Mexican President Andres Manuel Lopez Obrador has been dealt the latest setback to an ambitious plan to create a tourist train to connect the country’s southern Yucatan Peninsula.

On Monday, a judge indefinitely suspended construction on a portion of the project, known as the Mayan Train, saying the plans currently do not comply “with the proceedings of the environmental impact evaluation”.

The ruling follows a legal challenge by activists who said they were concerned the 60km (37 mile) portion of the train that would connect the resorts of Playa del Carmen and Tulum would adversely affect the area’s wildlife, as well as its caves and water-filled sinkholes known as cenotes.

The original plan for the disputed section was for an overpass over a highway, but the route was modified early this year to go through jungle at ground level.

The federal judge cited the “imminent danger” of causing “irreversible damage” to ecosystems, according to one of the plaintiffs, the non-governmental group Defending the Right to a Healthy Environment. In a statement, the group said that authorities had failed to carry out the necessary environmental impact studies before starting construction of the section.

Lopez Obrador had announced the ambitious project in 2018, with construction beginning in 2020. The roughly 1,500km (930 mile) cargo and passenger rail loop was presented as a cornerstone of a wider plan to develop the poorer states and remote towns throughout the about 181,000sq km (70,000sq mile) Yucatan Peninsula.
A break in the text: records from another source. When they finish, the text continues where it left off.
(* Let $G$ be a graph on $n$ nodes with $m$ edges. Then $\sum_{i=1}^k\lambda_i(G)\le m+\binom{k+1}{2}$ holds for every $k\in\{1,\dots,n\}$ if and only if $G$ is spectrally threshold dominated.
   Context: All graphs are finite and simple. For a graph $G$ on $n$ nodes, the Laplacian eigenvalues (eigenvalues of $L(G)=D(G)-A(G)$) are $\lambda_1(G)\ge\dots\ge\lambda_n(G)=0$. A threshold graph is a graph obtainable from the empty graph by repeatedly adding a new node that is either isolated or adjacent to all previously added nodes. A graph $G$ on $n$ nodes with $m$ edges is spectrally threshold dominated if for each $k\in\{1,\dots,n\}$ there is a threshold graph $T_k$ on $n$ nodes with $m$ edges satisfying $\sum_{i=1}^k\lambda_i(T_k)\ge\sum_{i=1}^k\lambda_i(G)$. *)

theory Defs
  imports "Jordan_Normal_Form.Char_Poly"
begin

definition is_graph :: "nat \<Rightarrow> (nat \<Rightarrow> nat \<Rightarrow> bool) \<Rightarrow> bool" where
  "is_graph n A \<longleftrightarrow> (\<forall>i j. A i j \<longrightarrow> i < n \<and> j < n \<and> i \<noteq> j \<and> A j i)"

definition num_edges :: "nat \<Rightarrow> (nat \<Rightarrow> nat \<Rightarrow> bool) \<Rightarrow> nat" where
  "num_edges n A = card {(i, j). i < j \<and> j < n \<and> A i j}"

definition degree :: "nat \<Rightarrow> (nat \<Rightarrow> nat \<Rightarrow> bool) \<Rightarrow> nat \<Rightarrow> nat" where
  "degree n A i = card {j. j < n \<and> A i j}"

definition laplacian :: "nat \<Rightarrow> (nat \<Rightarrow> nat \<Rightarrow> bool) \<Rightarrow> real mat" where
  "laplacian n A = mat n n (\<lambda>(i, j). (if i = j then real (degree n A i) else 0)
                                     - (if A i j then 1 else 0))"

definition lap_eigs :: "nat \<Rightarrow> (nat \<Rightarrow> nat \<Rightarrow> bool) \<Rightarrow> real list" where
  "lap_eigs n A = (THE xs. length xs = n \<and> sorted_wrt (\<ge>) xs \<and>
       char_poly (laplacian n A) = (\<Prod>x\<leftarrow>xs. [:- x, 1:]))"

definition lap_sum :: "nat \<Rightarrow> (nat \<Rightarrow> nat \<Rightarrow> bool) \<Rightarrow> nat \<Rightarrow> real" where
  "lap_sum n A k = (\<Sum>i<k. lap_eigs n A ! i)"

text \<open>Threshold graph on {0..<n}: the nodes are added in some order vs!0, vs!1, ...;
  node vs!j is added either isolated (bs!j false) or adjacent to all previously
  added nodes (bs!j true).\<close>
definition is_threshold :: "nat \<Rightarrow> (nat \<Rightarrow> nat \<Rightarrow> bool) \<Rightarrow> bool" where
  "is_threshold n T \<longleftrightarrow> is_graph n T \<and>
     (\<exists>vs bs. distinct vs \<and> set vs = {0..<n} \<and> length bs = n \<and>
        (\<forall>i<n. \<forall>j<n. T (vs ! i) (vs ! j) \<longleftrightarrow>
             (i < j \<and> bs ! j) \<or> (j < i \<and> bs ! i)))"

definition spectrally_threshold_dominated :: "nat \<Rightarrow> (nat \<Rightarrow> nat \<Rightarrow> bool) \<Rightarrow> bool" where
  "spectrally_threshold_dominated n G \<longleftrightarrow>
     (\<forall>k \<in> {1..n}. \<exists>T. is_threshold n T \<and> num_edges n T = num_edges n G \<and>
        lap_sum n T k \<ge> lap_sum n G k)"

end

theory Submission
  imports Defs "Jordan_Normal_Form.Schur_Decomposition" "HOL-Combinatorics.List_Permutation"
begin

text \<open>
  Build a threshold graph by adding nodes 0, 1, ..., n-1, where node u is dominating (joined to
  all earlier nodes) iff b u. Its Laplacian has an explicit orthogonal eigenbasis: the all-ones
  vector, and for every node j \<ge> 1 the vector that is 1 on the earlier nodes and -j on j. The
  eigenvalue of the latter is the number of dominating nodes after j, plus j + 1 if j dominates.
  The number m of edges is the sum of the dominating nodes, and summing the eigenvalues over
  any k nodes gives at most m + (k+1 choose 2), with equality for the dominating nodes
  themselves; hence every threshold graph, and every graph dominated by threshold graphs,
  satisfies the bound.

  Conversely, Laplacian eigenvalues lie in [0, n] and sum to 2m, so the k largest of them sum
  to at most min(2m, kn), and by hypothesis to at most m + (k+1 choose 2). Choosing the set of
  dominating nodes Q \<subseteq> {1..n-1} with \<Sum>Q = m suitably (inside {1..k}, of size k, or
  containing the last k nodes) produces a threshold graph with m edges whose k largest
  eigenvalues attain this minimum.
\<close>

section \<open>Roots of products of linear factors\<close>

lemma order_prod_linear_factors:
  fixes xs :: "'a :: idom list"
  shows "Polynomial.order a (\<Prod>x\<leftarrow>xs. [:- x, 1:]) = count (mset xs) a"
proof (induction xs)
  case (Cons x xs)
  have "(\<Prod>y\<leftarrow>x # xs. [:- y, 1:]) \<noteq> 0"
    unfolding prod_list_zero_iff by auto
  then have "Polynomial.order a (\<Prod>y\<leftarrow>x # xs. [:- y, 1:])
      = Polynomial.order a [:- x, 1:] + Polynomial.order a (\<Prod>y\<leftarrow>xs. [:- y, 1:])"
    unfolding list.map prod_list.Cons by (rule order_mult)
  then show ?case
    using Cons.IH by (simp add: order_linear')
qed simp

lemma mset_eq_if_prod_linear_factors_eq:
  fixes xs ys :: "'a :: idom list"
  assumes "(\<Prod>x\<leftarrow>xs. [:- x, 1:]) = (\<Prod>x\<leftarrow>ys. [:- x, 1:])"
  shows "mset xs = mset ys"
  by (rule multiset_eqI) (simp only: order_prod_linear_factors[symmetric] assms)

lemma sorted_wrt_ge_eq_if_mset_eq:
  fixes xs ys :: "'a :: linorder list"
  assumes "sorted_wrt (\<ge>) xs" "sorted_wrt (\<ge>) ys" "mset xs = mset ys"
  shows "xs = ys"
proof -
  have "sort (rev ys) = rev xs" "sort (rev ys) = rev ys"
    by (rule properties_for_sort; use assms in \<open>simp add: sorted_wrt_rev\<close>)+
  then show ?thesis by simp
qed

section \<open>Characteristic polynomials from eigenbases\<close>

lemma orthogonal_rows_left_inverse:
  fixes w :: "nat \<Rightarrow> nat \<Rightarrow> 'a :: field"
  assumes orth: "\<And>j k. j < n \<Longrightarrow> k < n \<Longrightarrow> j \<noteq> k \<Longrightarrow> (\<Sum>x = 0..<n. w j x * w k x) = 0"
    and nz: "\<And>j. j < n \<Longrightarrow> (\<Sum>x = 0..<n. w j x * w j x) \<noteq> 0"
  shows "mat n n (\<lambda>(j, x). w j x / (\<Sum>y = 0..<n. w j y * w j y)) * mat n n (\<lambda>(x, j). w j x) = 1\<^sub>m n"
    (is "?Q * ?P = _")
proof (rule eq_matI)
  fix j k assume "j < dim_row (1\<^sub>m n :: 'a mat)" "k < dim_col (1\<^sub>m n :: 'a mat)"
  then have jk: "j < n" "k < n"
    by auto
  then have "(?Q * ?P) $$ (j, k) = (\<Sum>x = 0..<n. w j x * w k x) / (\<Sum>y = 0..<n. w j y * w j y)"
    by (simp add: scalar_prod_def sum_divide_distrib)
  also have "\<dots> = 1\<^sub>m n $$ (j, k)"
    using orth[OF jk] nz[OF jk(1)] jk by auto
  finally show "(?Q * ?P) $$ (j, k) = 1\<^sub>m n $$ (j, k)" .
qed auto

lemma char_poly_orthogonal_eigenbasis:
  fixes A :: "'a :: field mat" and w :: "nat \<Rightarrow> nat \<Rightarrow> 'a" and mu :: "nat \<Rightarrow> 'a"
  assumes A: "A \<in> carrier_mat n n"
    and eig: "\<And>j x. j < n \<Longrightarrow> x < n \<Longrightarrow> (\<Sum>y = 0..<n. A $$ (x, y) * w j y) = mu j * w j x"
    and orth: "\<And>j k. j < n \<Longrightarrow> k < n \<Longrightarrow> j \<noteq> k \<Longrightarrow> (\<Sum>x = 0..<n. w j x * w k x) = 0"
    and nz: "\<And>j. j < n \<Longrightarrow> (\<Sum>x = 0..<n. w j x * w j x) \<noteq> 0"
  shows "char_poly A = (\<Prod>j\<leftarrow>[0..<n]. [:- mu j, 1:])"
proof -
  define P where "P = mat n n (\<lambda>(x, j). w j x)"
  define Q where "Q = mat n n (\<lambda>(j, x). w j x / (\<Sum>y = 0..<n. w j y * w j y))"
  define D where "D = mat n n (\<lambda>(i, j). if i = j then mu i else 0)"
  have PQD: "P \<in> carrier_mat n n" "Q \<in> carrier_mat n n" "D \<in> carrier_mat n n"
    unfolding P_def Q_def D_def by auto
  have QP: "Q * P = 1\<^sub>m n"
    unfolding P_def Q_def by (rule orthogonal_rows_left_inverse[OF orth nz])
  have PQ: "P * Q = 1\<^sub>m n"
    by (rule mat_mult_left_right_inverse[OF PQD(2,1) QP])
  have AP: "A * P = P * D"
  proof (rule eq_matI)
    fix x j assume "x < dim_row (P * D)" "j < dim_col (P * D)"
    then have xj: "x < n" "j < n"
      using PQD by auto
    have "(A * P) $$ (x, j) = mu j * w j x"
      using xj A eig[OF xj(2,1)] unfolding P_def by (simp add: scalar_prod_def)
    also have "\<dots> = (P * D) $$ (x, j)"
      using xj unfolding P_def D_def by (simp add: scalar_prod_def if_distrib cong: if_cong)
    finally show "(A * P) $$ (x, j) = (P * D) $$ (x, j)" .
  qed (use A PQD in auto)
  have "A = P * D * Q"
    using A PQD by (metis AP PQ assoc_mult_mat right_mult_one_mat)
  then have "char_poly A = char_poly D"
    using A PQD PQ QP by (intro char_poly_similar similar_matI[of A D P Q n]) auto
  also have "\<dots> = (\<Prod>a\<leftarrow>diag_mat D. [:- a, 1:])"
    by (rule char_poly_upper_triangular[OF PQD(3)]) (auto simp: upper_triangular_def D_def)
  also have "diag_mat D = map mu [0..<n]"
    unfolding diag_mat_def D_def by simp
  finally show ?thesis
    by (simp add: o_def)
qed

lemma diag_sum_mult_commute:
  fixes X Y :: "'a :: comm_ring_1 mat"
  assumes "X \<in> carrier_mat n n" "Y \<in> carrier_mat n n"
  shows "(\<Sum>i = 0..<n. (X * Y) $$ (i,i)) = (\<Sum>i = 0..<n. (Y * X) $$ (i,i))"
proof -
  have "(\<Sum>i = 0..<n. (X * Y) $$ (i,i)) = (\<Sum>i = 0..<n. \<Sum>k = 0..<n. X $$ (i,k) * Y $$ (k,i))"
    using assms by (intro sum.cong refl) (simp add: scalar_prod_def)
  also have "\<dots> = (\<Sum>k = 0..<n. \<Sum>i = 0..<n. Y $$ (k,i) * X $$ (i,k))"
    by (subst sum.swap) (simp add: mult.commute)
  also have "\<dots> = (\<Sum>k = 0..<n. (Y * X) $$ (k,k))"
    using assms by (intro sum.cong refl) (simp add: scalar_prod_def)
  finally show ?thesis .
qed

lemma diag_sum_similar:
  fixes A B :: "'a :: comm_ring_1 mat"
  assumes "similar_mat A B" "A \<in> carrier_mat n n"
  shows "(\<Sum>i = 0..<n. A $$ (i,i)) = (\<Sum>i = 0..<n. B $$ (i,i))"
proof -
  obtain n' P Q where PQ: "{A, B, P, Q} \<subseteq> carrier_mat n' n'" "Q * P = 1\<^sub>m n'" "A = P * B * Q"
    using similar_matD[OF assms(1)] by blast
  then have PBQ: "P \<in> carrier_mat n n" "B \<in> carrier_mat n n" "Q \<in> carrier_mat n n"
    using assms(2) by auto
  have "n' = n"
    using PQ(1) assms(2) by auto
  have "A = P * (B * Q)"
    using PQ(3) PBQ by simp
  then have "(\<Sum>i = 0..<n. A $$ (i,i)) = (\<Sum>i = 0..<n. (B * Q * P) $$ (i,i))"
    using diag_sum_mult_commute[of P n "B * Q"] PBQ by (simp only: mult_carrier_mat)
  also have "B * Q * P = B"
    using PQ(2) PBQ \<open>n' = n\<close> by (simp add: assoc_mult_mat[of B n n Q n P n])
  finally show ?thesis .
qed

lemma sum_roots_char_poly_eq_diag_sum:
  fixes A :: "real mat"
  assumes A: "A \<in> carrier_mat n n" and cp: "char_poly A = (\<Prod>x\<leftarrow>xs. [:- x, 1:])"
  shows "sum_list xs = (\<Sum>i = 0..<n. A $$ (i,i))"
proof -
  define B where "B = schur_upper_triangular A xs"
  have B: "B \<in> carrier_mat n n" "upper_triangular B" "similar_mat A B"
    using schur_upper_triangular[OF A cp] unfolding B_def by auto
  have "(\<Prod>x\<leftarrow>diag_mat B. [:- x, 1:]) = (\<Prod>x\<leftarrow>xs. [:- x, 1:])"
    using char_poly_upper_triangular[OF B(1,2)] char_poly_similar[OF B(3)] cp by simp
  then have "mset (diag_mat B) = mset xs"
    by (rule mset_eq_if_prod_linear_factors_eq)
  then have "sum_list xs = sum_list (diag_mat B)"
    unfolding sum_mset_sum_list[symmetric] by simp
  also have "\<dots> = (\<Sum>i = 0..<n. B $$ (i,i))"
    using B(1) unfolding diag_mat_def by (simp add: sum_list_sum_nth)
  also have "\<dots> = (\<Sum>i = 0..<n. A $$ (i,i))"
    using diag_sum_similar[OF B(3) A] by simp
  finally show ?thesis .
qed

section \<open>The Laplacian spectrum\<close>

lemma lap_eigs_eq_rev_sort:
  assumes "length zs = n" "char_poly (laplacian n A) = (\<Prod>x\<leftarrow>zs. [:- x, 1:])"
  shows "lap_eigs n A = rev (sort zs)"
  unfolding lap_eigs_def
proof (rule the_equality)
  have "(\<Prod>x\<leftarrow>rev (sort zs). [:- x, 1:]) = (\<Prod>x\<leftarrow>zs. [:- x, 1:])"
    unfolding prod_mset_prod_list[symmetric] by simp
  then show "length (rev (sort zs)) = n \<and> sorted_wrt (\<ge>) (rev (sort zs)) \<and>
      char_poly (laplacian n A) = (\<Prod>x\<leftarrow>rev (sort zs). [:- x, 1:])"
    using assms by (simp add: sorted_wrt_rev)
next
  fix ys assume ys: "length ys = n \<and> sorted_wrt (\<ge>) ys \<and> char_poly (laplacian n A) = (\<Prod>x\<leftarrow>ys. [:- x, 1:])"
  then have "mset ys = mset zs"
    using assms(2) by (intro mset_eq_if_prod_linear_factors_eq) simp
  then show "ys = rev (sort zs)"
    using ys by (intro sorted_wrt_ge_eq_if_mset_eq) (auto simp: sorted_wrt_rev)
qed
The railway is set to connect Caribbean beach resorts with Mayan archaeological ruins, with authorities aiming to complete the project by the end of 2023. The plan is estimated to cost about $16bn.

The project has split communities across the region, with some welcoming the economic development and connectivity it would bring. Others, including some local Indigenous communities, have challenged the project, saying it could not only disrupt the migratory routes of endangered species, including jaguars, tapirs and ocelots, but could also potentially damage centuries-old Mayan archaeological sites.
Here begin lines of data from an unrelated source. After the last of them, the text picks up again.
(* Let $p\in\mathbb{T}^{\mathcal{P}([n])}$ be a tropical Wick vector. Then the cocycle space $\mathcal{Q}(p)\subseteq\mathbb{T}^{\mathcal{J}}$ of $p$ is the set of admissible vectors in the tropical convex hull of the cocircuits of $p$.
   Context: $\mathbb{T}=\mathbb{R}\cup\{\infty\}$ with $\oplus=\min$, $\odot=+$; $\mathcal{P}([n])$ the set of subsets of $[n]$. A tropical Wick vector is $p$ such that for all $S,T\subseteq[n]$ the minimum $\min_{i\in S\Delta T}(p_{S\Delta\{i\}}+p_{T\Delta\{i\}})$ is attained at least twice or equals $\infty$. Let $\mathcal{J}=\{1,\dots,n,1^*,\dots,n^*\}$ with involution $i\leftrightarrow i^*$; $X\subseteq\mathcal{J}$ is admissible if $X\cap X^*=\emptyset$, and a vector in $\mathbb{T}^{\mathcal{J}}$ is admissible if its support (coordinates $\neq\infty$) is admissible. For $S\subseteq[n]$ let $\bar S=S\cup\{i^*:i\in[n]\setminus S\}$ and $\bar p_{\bar S}:=p_S$. For $T\subseteq[n]$: $(c_T)_i=\bar p_{\bar T\Delta\{i,i^*\}}$ if $i\in\bar T$, $\infty$ otherwise; $(c^*_T)_i=\bar p_{\bar T\Delta\{i,i^*\}}$ if $i\notin\bar T$, $\infty$ otherwise. Circuits of $p$: $c_T+\lambda\mathbf{1}$ ($\lambda\in\mathbb{R}$) with nonempty support; cocircuits: $c^*_T+\lambda\mathbf{1}$ with nonempty support. $x,y$ are tropically orthogonal if $\min_k(x_k+y_k)$ is attained at least twice or equals $\infty$. The cocycle space $\mathcal{Q}(p)$ is the set of admissible vectors tropically orthogonal to all circuits of $p$. The tropical convex hull of a set $A$ is the set of finite tropical linear combinations $\lambda_1\odot a_1\oplus\cdots\oplus\lambda_r\odot a_r$, $a_k\in A$, $\lambda_k\in\mathbb{T}$. *)

theory Defs
  imports "HOL-Library.Extended_Real"
begin

text \<open>Tropical numbers T = R \<union> {\<infinity>} are modelled as extended reals different from -\<infinity>;
  tropical addition is min, tropical multiplication is +.
  The index set J = {1..n, 1*..n*} is modelled inside nat + nat:
  Inl i stands for i, Inr i stands for i*.\<close>

definition Jset :: "nat \<Rightarrow> (nat + nat) set" where
  "Jset n = Inl ` {1..n} \<union> Inr ` {1..n}"

fun star :: "nat + nat \<Rightarrow> nat + nat" where
  "star (Inl i) = Inr i"
| "star (Inr i) = Inl i"

definition min_twice :: "'a set \<Rightarrow> ('a \<Rightarrow> ereal) \<Rightarrow> bool" where
  "min_twice A f \<longleftrightarrow> (INF a\<in>A. f a) = \<infinity> \<or>
     (\<exists>a\<in>A. \<exists>b\<in>A. a \<noteq> b \<and> f a = (INF c\<in>A. f c) \<and> f b = (INF c\<in>A. f c))"

text \<open>Tropical Wick vector p in T^{P([n])} (only its values on subsets of [n] matter).\<close>
definition tropical_wick :: "nat \<Rightarrow> (nat set \<Rightarrow> ereal) \<Rightarrow> bool" where
  "tropical_wick n p \<longleftrightarrow>
     (\<forall>S. S \<subseteq> {1..n} \<longrightarrow> p S \<noteq> -\<infinity>) \<and>
     (\<exists>S. S \<subseteq> {1..n} \<and> p S \<noteq> \<infinity>) \<and>
     (\<forall>S T. S \<subseteq> {1..n} \<longrightarrow> T \<subseteq> {1..n} \<longrightarrow>
        min_twice (sym_diff S T) (\<lambda>i. p (sym_diff S {i}) + p (sym_diff T {i})))"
The National Fund for the Promotion of Tourism, the government agency overseeing the project, has said that it expects to “overcome” the latest challenge and that work should continue after an environmental impact statement is finalised. It said the Environment Ministry was currently reviewing its environmental application for the project.

For his part, Lopez Obrador has insisted the railway will not have a significant environmental effect and has accused activists of being infiltrated by “impostors”.